The required output is a copy of each line in the material below that includes "where".

------

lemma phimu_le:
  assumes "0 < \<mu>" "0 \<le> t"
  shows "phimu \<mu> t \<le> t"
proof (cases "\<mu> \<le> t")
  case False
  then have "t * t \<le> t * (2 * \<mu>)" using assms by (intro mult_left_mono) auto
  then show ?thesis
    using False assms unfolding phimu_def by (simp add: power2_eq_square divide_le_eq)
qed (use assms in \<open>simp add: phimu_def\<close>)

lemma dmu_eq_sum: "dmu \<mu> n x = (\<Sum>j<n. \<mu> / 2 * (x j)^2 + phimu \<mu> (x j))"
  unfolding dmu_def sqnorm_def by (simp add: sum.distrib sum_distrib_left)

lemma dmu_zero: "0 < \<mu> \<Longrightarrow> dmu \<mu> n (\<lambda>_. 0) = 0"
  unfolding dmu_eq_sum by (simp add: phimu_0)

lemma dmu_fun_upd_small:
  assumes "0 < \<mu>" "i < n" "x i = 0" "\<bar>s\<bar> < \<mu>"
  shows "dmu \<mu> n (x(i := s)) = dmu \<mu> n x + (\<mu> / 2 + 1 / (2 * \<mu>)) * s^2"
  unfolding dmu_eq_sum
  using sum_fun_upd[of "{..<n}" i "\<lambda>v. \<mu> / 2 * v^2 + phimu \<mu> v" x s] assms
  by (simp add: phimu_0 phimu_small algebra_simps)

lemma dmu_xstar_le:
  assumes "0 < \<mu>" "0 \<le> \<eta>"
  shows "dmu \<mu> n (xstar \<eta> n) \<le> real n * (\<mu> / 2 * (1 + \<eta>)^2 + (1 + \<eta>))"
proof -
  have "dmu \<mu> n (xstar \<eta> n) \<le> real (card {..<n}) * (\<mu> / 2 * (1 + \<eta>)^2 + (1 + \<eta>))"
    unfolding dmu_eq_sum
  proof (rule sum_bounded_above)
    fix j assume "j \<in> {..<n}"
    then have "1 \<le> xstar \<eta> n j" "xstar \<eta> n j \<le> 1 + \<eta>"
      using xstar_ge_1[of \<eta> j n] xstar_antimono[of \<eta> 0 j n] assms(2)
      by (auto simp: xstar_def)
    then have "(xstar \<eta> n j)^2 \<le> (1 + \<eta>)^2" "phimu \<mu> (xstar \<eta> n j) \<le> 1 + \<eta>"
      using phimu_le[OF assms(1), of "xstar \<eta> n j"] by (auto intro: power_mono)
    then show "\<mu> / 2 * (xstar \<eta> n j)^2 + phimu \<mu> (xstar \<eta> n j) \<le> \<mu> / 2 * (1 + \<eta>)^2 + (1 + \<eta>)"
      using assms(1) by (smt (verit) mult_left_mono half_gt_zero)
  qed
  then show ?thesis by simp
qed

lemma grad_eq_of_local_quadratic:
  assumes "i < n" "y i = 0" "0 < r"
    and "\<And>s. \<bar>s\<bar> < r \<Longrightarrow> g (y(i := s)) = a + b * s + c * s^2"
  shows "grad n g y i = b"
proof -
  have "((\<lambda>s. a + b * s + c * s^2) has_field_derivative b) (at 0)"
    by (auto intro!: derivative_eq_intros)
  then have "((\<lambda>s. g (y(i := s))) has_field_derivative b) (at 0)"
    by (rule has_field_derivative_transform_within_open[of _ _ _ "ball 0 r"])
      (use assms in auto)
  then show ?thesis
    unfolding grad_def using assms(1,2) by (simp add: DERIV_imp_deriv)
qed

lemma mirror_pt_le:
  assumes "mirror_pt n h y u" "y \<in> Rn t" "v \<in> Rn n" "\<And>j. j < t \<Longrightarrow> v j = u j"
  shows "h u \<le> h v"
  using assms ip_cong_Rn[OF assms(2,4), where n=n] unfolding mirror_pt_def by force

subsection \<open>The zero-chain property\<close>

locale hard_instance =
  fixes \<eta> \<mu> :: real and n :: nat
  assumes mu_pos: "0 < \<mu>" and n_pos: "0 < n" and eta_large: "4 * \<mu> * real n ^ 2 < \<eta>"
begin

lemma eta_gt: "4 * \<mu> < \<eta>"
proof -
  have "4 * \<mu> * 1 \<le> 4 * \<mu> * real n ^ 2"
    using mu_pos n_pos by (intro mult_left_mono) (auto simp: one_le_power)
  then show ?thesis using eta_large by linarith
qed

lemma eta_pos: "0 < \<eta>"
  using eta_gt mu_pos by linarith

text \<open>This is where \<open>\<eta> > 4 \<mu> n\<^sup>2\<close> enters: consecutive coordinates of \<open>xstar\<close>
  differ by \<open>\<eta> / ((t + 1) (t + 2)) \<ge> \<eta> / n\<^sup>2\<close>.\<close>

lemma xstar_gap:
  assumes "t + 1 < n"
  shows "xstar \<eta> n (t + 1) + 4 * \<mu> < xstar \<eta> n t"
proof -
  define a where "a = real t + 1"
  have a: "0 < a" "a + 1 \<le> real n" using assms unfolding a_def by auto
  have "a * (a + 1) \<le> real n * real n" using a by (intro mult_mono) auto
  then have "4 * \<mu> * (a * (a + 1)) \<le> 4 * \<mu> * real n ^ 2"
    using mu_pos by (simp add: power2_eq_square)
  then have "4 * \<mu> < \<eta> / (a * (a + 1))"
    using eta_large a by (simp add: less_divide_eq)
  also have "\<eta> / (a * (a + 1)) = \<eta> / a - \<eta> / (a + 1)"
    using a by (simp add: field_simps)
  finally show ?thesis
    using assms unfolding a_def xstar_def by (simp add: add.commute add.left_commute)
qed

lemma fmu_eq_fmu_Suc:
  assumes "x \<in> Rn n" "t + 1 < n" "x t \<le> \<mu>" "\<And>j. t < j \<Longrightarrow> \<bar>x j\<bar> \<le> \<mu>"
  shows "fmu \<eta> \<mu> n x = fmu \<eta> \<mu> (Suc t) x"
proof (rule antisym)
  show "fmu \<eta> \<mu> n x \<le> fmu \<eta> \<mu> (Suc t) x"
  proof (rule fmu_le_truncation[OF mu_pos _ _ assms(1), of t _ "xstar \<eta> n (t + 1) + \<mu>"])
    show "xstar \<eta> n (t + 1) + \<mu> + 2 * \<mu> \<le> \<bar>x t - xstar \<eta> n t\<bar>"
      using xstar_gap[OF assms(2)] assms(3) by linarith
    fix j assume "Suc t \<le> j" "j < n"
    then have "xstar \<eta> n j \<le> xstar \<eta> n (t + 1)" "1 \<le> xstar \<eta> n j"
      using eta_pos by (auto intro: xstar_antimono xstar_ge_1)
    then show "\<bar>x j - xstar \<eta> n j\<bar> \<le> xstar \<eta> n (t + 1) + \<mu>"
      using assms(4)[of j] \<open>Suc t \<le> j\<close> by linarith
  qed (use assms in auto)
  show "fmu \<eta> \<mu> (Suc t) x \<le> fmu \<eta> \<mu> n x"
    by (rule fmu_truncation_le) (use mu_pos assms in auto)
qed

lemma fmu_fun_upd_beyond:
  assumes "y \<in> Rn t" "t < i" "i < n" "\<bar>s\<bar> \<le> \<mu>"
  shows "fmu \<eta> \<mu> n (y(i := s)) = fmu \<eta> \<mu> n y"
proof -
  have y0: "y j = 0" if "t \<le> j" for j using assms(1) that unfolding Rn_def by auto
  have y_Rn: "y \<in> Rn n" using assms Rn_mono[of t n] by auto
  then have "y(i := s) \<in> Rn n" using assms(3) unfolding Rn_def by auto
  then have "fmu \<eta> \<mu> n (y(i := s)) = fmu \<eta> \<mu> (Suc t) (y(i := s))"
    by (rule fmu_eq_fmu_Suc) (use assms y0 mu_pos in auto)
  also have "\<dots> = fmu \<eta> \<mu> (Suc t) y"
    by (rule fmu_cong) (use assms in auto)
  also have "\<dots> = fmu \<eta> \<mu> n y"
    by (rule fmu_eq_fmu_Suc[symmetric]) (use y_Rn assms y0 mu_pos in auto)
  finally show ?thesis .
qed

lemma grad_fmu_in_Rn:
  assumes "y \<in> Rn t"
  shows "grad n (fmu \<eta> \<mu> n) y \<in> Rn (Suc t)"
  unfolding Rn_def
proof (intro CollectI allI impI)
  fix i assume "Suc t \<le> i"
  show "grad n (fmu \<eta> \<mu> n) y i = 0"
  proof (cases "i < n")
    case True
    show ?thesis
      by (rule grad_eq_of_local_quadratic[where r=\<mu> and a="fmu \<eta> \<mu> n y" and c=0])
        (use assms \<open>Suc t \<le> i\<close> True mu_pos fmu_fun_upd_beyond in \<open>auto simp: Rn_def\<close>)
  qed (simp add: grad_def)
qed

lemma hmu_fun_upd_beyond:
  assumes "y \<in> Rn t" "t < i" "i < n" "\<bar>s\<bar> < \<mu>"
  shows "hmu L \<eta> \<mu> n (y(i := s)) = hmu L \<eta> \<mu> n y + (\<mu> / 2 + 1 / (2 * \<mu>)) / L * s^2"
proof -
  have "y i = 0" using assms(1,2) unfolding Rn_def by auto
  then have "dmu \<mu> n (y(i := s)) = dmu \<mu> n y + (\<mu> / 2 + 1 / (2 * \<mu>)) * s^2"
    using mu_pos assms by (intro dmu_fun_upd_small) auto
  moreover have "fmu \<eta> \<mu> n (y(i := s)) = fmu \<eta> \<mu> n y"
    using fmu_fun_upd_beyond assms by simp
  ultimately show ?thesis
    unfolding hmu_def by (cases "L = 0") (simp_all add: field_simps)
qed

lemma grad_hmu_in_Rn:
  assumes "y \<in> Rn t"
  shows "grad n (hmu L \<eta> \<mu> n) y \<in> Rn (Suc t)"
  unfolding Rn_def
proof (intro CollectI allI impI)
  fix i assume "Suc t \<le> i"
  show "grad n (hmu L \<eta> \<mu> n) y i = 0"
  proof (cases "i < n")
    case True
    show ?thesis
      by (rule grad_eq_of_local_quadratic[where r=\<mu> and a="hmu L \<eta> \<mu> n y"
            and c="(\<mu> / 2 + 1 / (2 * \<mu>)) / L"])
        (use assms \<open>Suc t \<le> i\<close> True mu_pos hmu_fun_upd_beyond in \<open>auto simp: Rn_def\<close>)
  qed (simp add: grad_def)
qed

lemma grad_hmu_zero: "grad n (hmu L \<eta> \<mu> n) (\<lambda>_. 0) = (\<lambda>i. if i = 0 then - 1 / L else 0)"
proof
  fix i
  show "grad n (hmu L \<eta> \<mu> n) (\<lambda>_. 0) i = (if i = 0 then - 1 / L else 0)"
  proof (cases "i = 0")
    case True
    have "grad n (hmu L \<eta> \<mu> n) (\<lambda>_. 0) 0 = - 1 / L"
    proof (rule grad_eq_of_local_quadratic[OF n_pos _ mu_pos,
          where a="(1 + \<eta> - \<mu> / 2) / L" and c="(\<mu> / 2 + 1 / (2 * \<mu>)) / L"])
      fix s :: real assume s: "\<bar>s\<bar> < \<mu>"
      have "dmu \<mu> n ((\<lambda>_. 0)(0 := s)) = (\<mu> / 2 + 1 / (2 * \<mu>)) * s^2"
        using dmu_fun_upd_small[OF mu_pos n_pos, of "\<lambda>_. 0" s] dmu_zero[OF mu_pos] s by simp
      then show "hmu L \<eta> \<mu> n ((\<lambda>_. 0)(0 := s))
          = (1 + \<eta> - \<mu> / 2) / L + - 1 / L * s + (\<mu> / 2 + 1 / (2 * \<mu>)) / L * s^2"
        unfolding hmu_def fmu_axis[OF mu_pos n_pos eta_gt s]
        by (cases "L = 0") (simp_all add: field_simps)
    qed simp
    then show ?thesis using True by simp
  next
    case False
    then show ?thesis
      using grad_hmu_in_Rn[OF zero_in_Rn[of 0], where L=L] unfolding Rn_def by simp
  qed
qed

------

#### Task answer
  using assms ip_cong_Rn[OF assms(2,4), where n=n] unfolding mirror_pt_def by force
text \<open>This is where \<open>\<eta> > 4 \<mu> n\<^sup>2\<close> enters: consecutive coordinates of \<open>xstar\<close>
  define a where "a = real t + 1"
      by (rule grad_eq_of_local_quadratic[where r=\<mu> and a="fmu \<eta> \<mu> n y" and c=0])
      by (rule grad_eq_of_local_quadratic[where r=\<mu> and a="hmu L \<eta> \<mu> n y"
          where a="(1 + \<eta> - \<mu> / 2) / L" and c="(\<mu> / 2 + 1 / (2 * \<mu>)) / L"])
      using grad_hmu_in_Rn[OF zero_in_Rn[of 0], where L=L] unfolding Rn_def by simp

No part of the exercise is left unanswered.